### Task input
lemma mat_trace_pow_similar_upper_triangular:
  assumes A: "A \<in> carrier_mat n n" and sim: "similar_mat_wit A B P Q" and uB: "upper_triangular B"
  shows "mat_trace (A ^\<^sub>m k) = (\<Sum>i<n. (B $$ (i,i)) ^ k)"
proof -
  from similar_mat_witD2[OF A sim] have QP: "Q * P = 1\<^sub>m n" and B: "B \<in> carrier_mat n n"
    and P: "P \<in> carrier_mat n n" and Q: "Q \<in> carrier_mat n n" by auto
  have Bk: "B ^\<^sub>m k \<in> carrier_mat n n" using B by simp
  have "A ^\<^sub>m k = P * B ^\<^sub>m k * Q" by (rule similar_mat_wit_pow_id[OF sim])
  also have "mat_trace (P * B ^\<^sub>m k * Q) = mat_trace (Q * (P * B ^\<^sub>m k))"
    using P Q Bk by (intro mat_trace_mult_commute) auto
  also have "Q * (P * B ^\<^sub>m k) = (Q * P) * B ^\<^sub>m k" using P Q Bk by simp
  also have "\<dots> = B ^\<^sub>m k" using QP Bk by (simp add: left_mult_one_mat)
  also have "mat_trace (B ^\<^sub>m k) = (\<Sum>i<n. (B $$ (i,i)) ^ k)"
    unfolding mat_trace_def using B Bk upper_triangular_pow_diag[OF B uB, of k]
    by (auto simp: atLeast0LessThan intro!: sum.cong)
  finally show ?thesis .
qed

lemma eigenvalue_norm_le_one_if_power_traces_bounded:
  fixes g :: "complex^'n::finite^'n"
  assumes ev: "g *v v = c *s v" "v \<noteq> 0" and bd: "\<And>k. norm (trace (matrix_pow g k)) \<le> C"
  shows "norm c \<le> 1"
proof -
  define A where "A = to_mat g"
  have A: "A \<in> carrier_mat CARD('n) CARD('n)" unfolding A_def by (rule to_mat_carrier)
  have "poly (char_poly A) c = 0"
    using eigenvalue_root_char_poly[OF A] to_mat_eigenvalue[OF ev] unfolding A_def by simp
  obtain es where es: "char_poly A = (\<Prod>a\<leftarrow>es. [:- a, 1:])" "length es = CARD('n)"
    using char_poly_factorized[OF A] by blast
  obtain B P Q where sd: "schur_decomposition A es = (B,P,Q)" by (cases "schur_decomposition A es") auto
  from schur_decomposition[OF A es(1) sd]
  have sim: "similar_mat_wit A B P Q" and uB: "upper_triangular B" and dB: "diag_mat B = es" by auto
  have B: "B \<in> carrier_mat CARD('n) CARD('n)" using similar_mat_witD2[OF A sim] by auto
  have "c \<in> set es" using \<open>poly (char_poly A) c = 0\<close> unfolding es(1) by (auto simp: poly_prod_list_zero_iff)
  then obtain j where j: "j < CARD('n)" "c = B $$ (j,j)" using dB B unfolding diag_mat_def by auto
  have "trace (matrix_pow g k) = (\<Sum>i<CARD('n). (B $$ (i,i)) ^ k)" for k
    unfolding trace_to_mat to_mat_matrix_pow A_def[symmetric]
    by (rule mat_trace_pow_similar_upper_triangular[OF A sim uB])
  then show ?thesis
    using norm_le_one_if_power_sums_bounded[where l = "\<lambda>i. B $$ (i,i)" and C = C] bd j by auto
qed
(* For every integer $k \geq 1$, let $\mathcal{c}(k)$ denote the greatest common divisor of all the sums $\sum_{i=1}^{k} c_{n+i}$, $n \geq 0$. Then $$\mathcal{c}(k) = \begin{cases} 4P_{k}, & \text{if } k \text{ is even};\\ Q_{k}, & \text{if } k \text{ is odd}.\end{cases}$$
   Context: The Pell sequence $(P_n)_{n\ge0}$ is defined by $P_0=0$, $P_1=1$, $P_n = 2P_{n-1}+P_{n-2}$. The associated Pell sequence $(Q_n)_{n\ge0}$ is defined by $Q_0=1$, $Q_1=1$, $Q_n=2Q_{n-1}+Q_{n-2}$. The Lucas-cobalancing sequence $(c_n)_{n\ge0}$ is defined by $c_0=-1$, $c_1=1$, $c_n=6c_{n-1}-c_{n-2}$. *)

theory Defs
  imports Main
begin

fun pell :: "nat \<Rightarrow> int" where
  "pell 0 = 0"
| "pell (Suc 0) = 1"
| "pell (Suc (Suc n)) = 2 * pell (Suc n) + pell n"

fun assoc_pell :: "nat \<Rightarrow> int" where
  "assoc_pell 0 = 1"
| "assoc_pell (Suc 0) = 1"
| "assoc_pell (Suc (Suc n)) = 2 * assoc_pell (Suc n) + assoc_pell n"

fun lucas_cobal :: "nat \<Rightarrow> int" where
  "lucas_cobal 0 = -1"
| "lucas_cobal (Suc 0) = 1"
| "lucas_cobal (Suc (Suc n)) = 6 * lucas_cobal (Suc n) - lucas_cobal n"

definition cgcd :: "nat \<Rightarrow> int" where
  "cgcd k = Gcd {(\<Sum>i=1..k. lucas_cobal (n + i)) | n. True}"

end

theory Submission
  imports Defs
begin

text \<open>
  Since c(n+1) = Q(2n+1) and Q(m+2) - Q(m) = 2 Q(m+1), the sums telescope:
  2 (c(n+1) + ... + c(n+k)) = Q(2n+2k) - Q(2n). The addition formulas together with
  Q(k)^2 - 2 P(k)^2 = (-1)^k factor this difference, so the sum equals 2 P(k) P(2n+k)
  for even k and Q(k) Q(2n+k) for odd k. Hence the claimed value divides every sum
  (for even k, P(2n+k) is even), and it is already the gcd of the sums for n = 0 and
  n = 1, because gcd P(k) P(k+2) = gcd P(k) 2 and gcd Q(k) Q(k+2) = gcd Q(k) 2.
\<close>

lemma Gcd_eq_gcd_of_members:
  fixes A :: "'a::semiring_Gcd set"
  assumes "x \<in> A" "y \<in> A" "gcd x y = d" "\<And>a. a \<in> A \<Longrightarrow> d dvd a"
  shows "Gcd A = d"
  using assms by (intro Gcd_eqI) auto

lemma gcd_consecutive_recurrence:
  fixes f :: "nat \<Rightarrow> 'a::semiring_gcd"
  assumes rec: "\<And>n. f (Suc (Suc n)) = c * f (Suc n) + f n"
  shows "gcd (f n) (f (Suc n)) = gcd (f 0) (f 1)"
proof (induction n)
  case (Suc n)
  have "gcd (f (Suc n)) (f (Suc (Suc n))) = gcd (f (Suc n)) (f n)"
    by (simp add: rec gcd_add_mult)
  with Suc show ?case by (simp add: gcd.commute)
qed simp

lemma gcd_recurrence_skip:
  fixes f :: "nat \<Rightarrow> 'a::semiring_gcd"
  assumes rec: "\<And>n. f (Suc (Suc n)) = c * f (Suc n) + f n"
    and "coprime (f n) (f (Suc n))"
  shows "gcd (f n) (f (n + 2)) = gcd (f n) c"
proof -
  have "gcd (f n) (f (n + 2)) = gcd (f n) (c * f (Suc n))"
    by (simp add: rec numeral_eq_Suc add.commute)
  also have "\<dots> = gcd (f n) c"
    using assms(2) by (simp add: gcd_mult_right_right_cancel)
  finally show ?thesis .
qed

lemma pell_nonneg: "pell n \<ge> 0"
proof -
  have "pell n \<ge> 0 \<and> pell (Suc n) \<ge> 0" by (induction n) auto
  then show ?thesis by simp
qed

lemma assoc_pell_nonneg: "assoc_pell n \<ge> 0"
proof -
  have "assoc_pell n \<ge> 0 \<and> assoc_pell (Suc n) \<ge> 0" by (induction n) auto
  then show ?thesis by simp
qed

lemma even_pell_iff: "even (pell n) \<longleftrightarrow> even n"
proof -
  have "(even (pell n) \<longleftrightarrow> even n) \<and> (even (pell (Suc n)) \<longleftrightarrow> even (Suc n))"
    by (induction n) auto
  then show ?thesis by simp
qed

lemma odd_assoc_pell: "odd (assoc_pell n)"
proof -
  have "odd (assoc_pell n) \<and> odd (assoc_pell (Suc n))" by (induction n) auto
  then show ?thesis by simp
qed

lemma coprime_pell_Suc: "coprime (pell n) (pell (Suc n))"
  using gcd_consecutive_recurrence[of pell 2 n] by (simp add: coprime_iff_gcd_eq_1)

lemma coprime_assoc_pell_Suc: "coprime (assoc_pell n) (assoc_pell (Suc n))"
  using gcd_consecutive_recurrence[of assoc_pell 2 n] by (simp add: coprime_iff_gcd_eq_1)

lemma gcd_pell_add_2: "even k \<Longrightarrow> gcd (pell k) (pell (k + 2)) = 2"
  using gcd_recurrence_skip[of pell 2 k] coprime_pell_Suc[of k] even_pell_iff[of k] by simp

lemma gcd_assoc_pell_add_2: "gcd (assoc_pell k) (assoc_pell (k + 2)) = 1"
  using gcd_recurrence_skip[of assoc_pell 2 k] coprime_assoc_pell_Suc[of k] odd_assoc_pell[of k]
  by simp

lemma pell_assoc_pell_Suc:
  "pell (Suc n) = pell n + assoc_pell n \<and> assoc_pell (Suc n) = assoc_pell n + 2 * pell n"
  by (induction n rule: pell.induct) auto

lemma pell_assoc_pell_add:
  "pell (a + b) = pell a * assoc_pell b + assoc_pell a * pell b \<and>
   assoc_pell (a + b) = assoc_pell a * assoc_pell b + 2 * pell a * pell b"
proof (induction b)
  case (Suc b)
  then show ?case
    using pell_assoc_pell_Suc[of "a + b"] pell_assoc_pell_Suc[of b]
    by (simp add: algebra_simps)
qed simp

lemma assoc_pell_sq_minus_pell_sq: "assoc_pell n ^ 2 - 2 * pell n ^ 2 = (-1) ^ n"
proof (induction n)
  case (Suc n)
  have "assoc_pell (Suc n) ^ 2 - 2 * pell (Suc n) ^ 2 = - (assoc_pell n ^ 2 - 2 * pell n ^ 2)"
    using pell_assoc_pell_Suc[of n] by (simp add: power2_eq_square algebra_simps)
  with Suc show ?case by simp
qed simp

lemma assoc_pell_sub:
  "(-1) ^ k * assoc_pell a = assoc_pell (a + k) * assoc_pell k - 2 * pell (a + k) * pell k"
proof -
  have "assoc_pell (a + k) * assoc_pell k - 2 * pell (a + k) * pell k
      = assoc_pell a * (assoc_pell k ^ 2 - 2 * pell k ^ 2)"
    using pell_assoc_pell_add[of a k] by (simp add: power2_eq_square algebra_simps)
  then show ?thesis by (simp add: assoc_pell_sq_minus_pell_sq)
qed

lemma assoc_pell_add_twice_diff:
  "assoc_pell (a + 2 * k) - assoc_pell a =
     (if even k then 4 * pell k * pell (a + k) else 2 * assoc_pell k * assoc_pell (a + k))"
proof -
  have "assoc_pell (a + 2 * k) = assoc_pell ((a + k) + k)"
    by (simp add: mult_2 add.assoc)
  also have "\<dots> = assoc_pell (a + k) * assoc_pell k + 2 * pell (a + k) * pell k"
    using pell_assoc_pell_add by blast
  finally show ?thesis
    using assoc_pell_sub[of k a] by (cases "even k") (simp_all add: algebra_simps)
qed

lemma lucas_cobal_Suc_eq_assoc_pell: "lucas_cobal (Suc n) = assoc_pell (2 * n + 1)"
proof -
  have "lucas_cobal (Suc n) = assoc_pell (2 * n + 1) \<and>
        lucas_cobal (Suc (Suc n)) = assoc_pell (2 * n + 3)"
    by (induction n) (simp_all add: numeral_eq_Suc)
  then show ?thesis by simp
qed

definition cobal_window :: "nat \<Rightarrow> nat \<Rightarrow> int" where
  "cobal_window n k = (\<Sum>i=1..k. lucas_cobal (n + i))"

lemma cobal_window_telescope:
  "2 * cobal_window n k = assoc_pell (2 * n + 2 * k) - assoc_pell (2 * n)"
proof (induction k)
  case (Suc k)
  have "cobal_window n (Suc k) = cobal_window n k + assoc_pell (2 * n + 2 * k + 1)"
    using lucas_cobal_Suc_eq_assoc_pell[of "n + k"] by (simp add: cobal_window_def algebra_simps)
  moreover have "assoc_pell (2 * n + 2 * Suc k) =
      2 * assoc_pell (2 * n + 2 * k + 1) + assoc_pell (2 * n + 2 * k)"
    by (simp add: numeral_eq_Suc)
  ultimately show ?case using Suc by simp
qed (simp add: cobal_window_def)

lemma cobal_window_eq:
  "cobal_window n k =
     (if even k then 2 * pell k * pell (2 * n + k) else assoc_pell k * assoc_pell (2 * n + k))"
  using cobal_window_telescope[of n k] assoc_pell_add_twice_diff[of "2 * n" k] by auto

lemma dvd_cobal_window:
  "(if even k then 4 * pell k else assoc_pell k) dvd cobal_window n k"
  using even_pell_iff[of "2 * n + k"] by (auto simp: cobal_window_eq)

lemma gcd_cobal_window_0_1:
  "gcd (cobal_window 0 k) (cobal_window 1 k) = (if even k then 4 * pell k else assoc_pell k)"
proof (cases "even k")
  case True
  then have "gcd (cobal_window 0 k) (cobal_window 1 k)
      = \<bar>2 * pell k\<bar> * gcd (pell k) (pell (k + 2))"
    by (simp add: cobal_window_eq add.commute gcd_mult_left abs_mult)
  with True show ?thesis by (simp only: gcd_pell_add_2) (simp add: pell_nonneg)
next
  case False
  then have "gcd (cobal_window 0 k) (cobal_window 1 k)
      = \<bar>assoc_pell k\<bar> * gcd (assoc_pell k) (assoc_pell (k + 2))"
    by (simp add: cobal_window_eq add.commute gcd_mult_left abs_mult)
  with False show ?thesis by (simp only: gcd_assoc_pell_add_2) (simp add: assoc_pell_nonneg)
qed

theorem theorem19:
  fixes k :: nat
  assumes "k \<ge> 1"
  shows "cgcd k = (if even k then 4 * pell k else assoc_pell k)"
proof -
  have "cgcd k = Gcd (range (\<lambda>n. cobal_window n k))"
    by (simp add: cgcd_def cobal_window_def full_SetCompr_eq)
  also have "\<dots> = (if even k then 4 * pell k else assoc_pell k)"
  proof (rule Gcd_eq_gcd_of_members)
    show "cobal_window 0 k \<in> range (\<lambda>n. cobal_window n k)"
      and "cobal_window 1 k \<in> range (\<lambda>n. cobal_window n k)" by auto
    show "gcd (cobal_window 0 k) (cobal_window 1 k) = (if even k then 4 * pell k else assoc_pell k)"
      by (rule gcd_cobal_window_0_1)
  qed (auto simp only: dvd_cobal_window)
  finally show ?thesis .
qed

end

### What to work on
Lines after the one containing "(rule similar_mat_wit_pow_id[OF sim])" are not wanted; repeat exactly each line above from the first up to and including it.

### Exercise solution
lemma mat_trace_pow_similar_upper_triangular:
  assumes A: "A \<in> carrier_mat n n" and sim: "similar_mat_wit A B P Q" and uB: "upper_triangular B"
  shows "mat_trace (A ^\<^sub>m k) = (\<Sum>i<n. (B $$ (i,i)) ^ k)"
proof -
  from similar_mat_witD2[OF A sim] have QP: "Q * P = 1\<^sub>m n" and B: "B \<in> carrier_mat n n"
    and P: "P \<in> carrier_mat n n" and Q: "Q \<in> carrier_mat n n" by auto
  have Bk: "B ^\<^sub>m k \<in> carrier_mat n n" using B by simp
  have "A ^\<^sub>m k = P * B ^\<^sub>m k * Q" by (rule similar_mat_wit_pow_id[OF sim])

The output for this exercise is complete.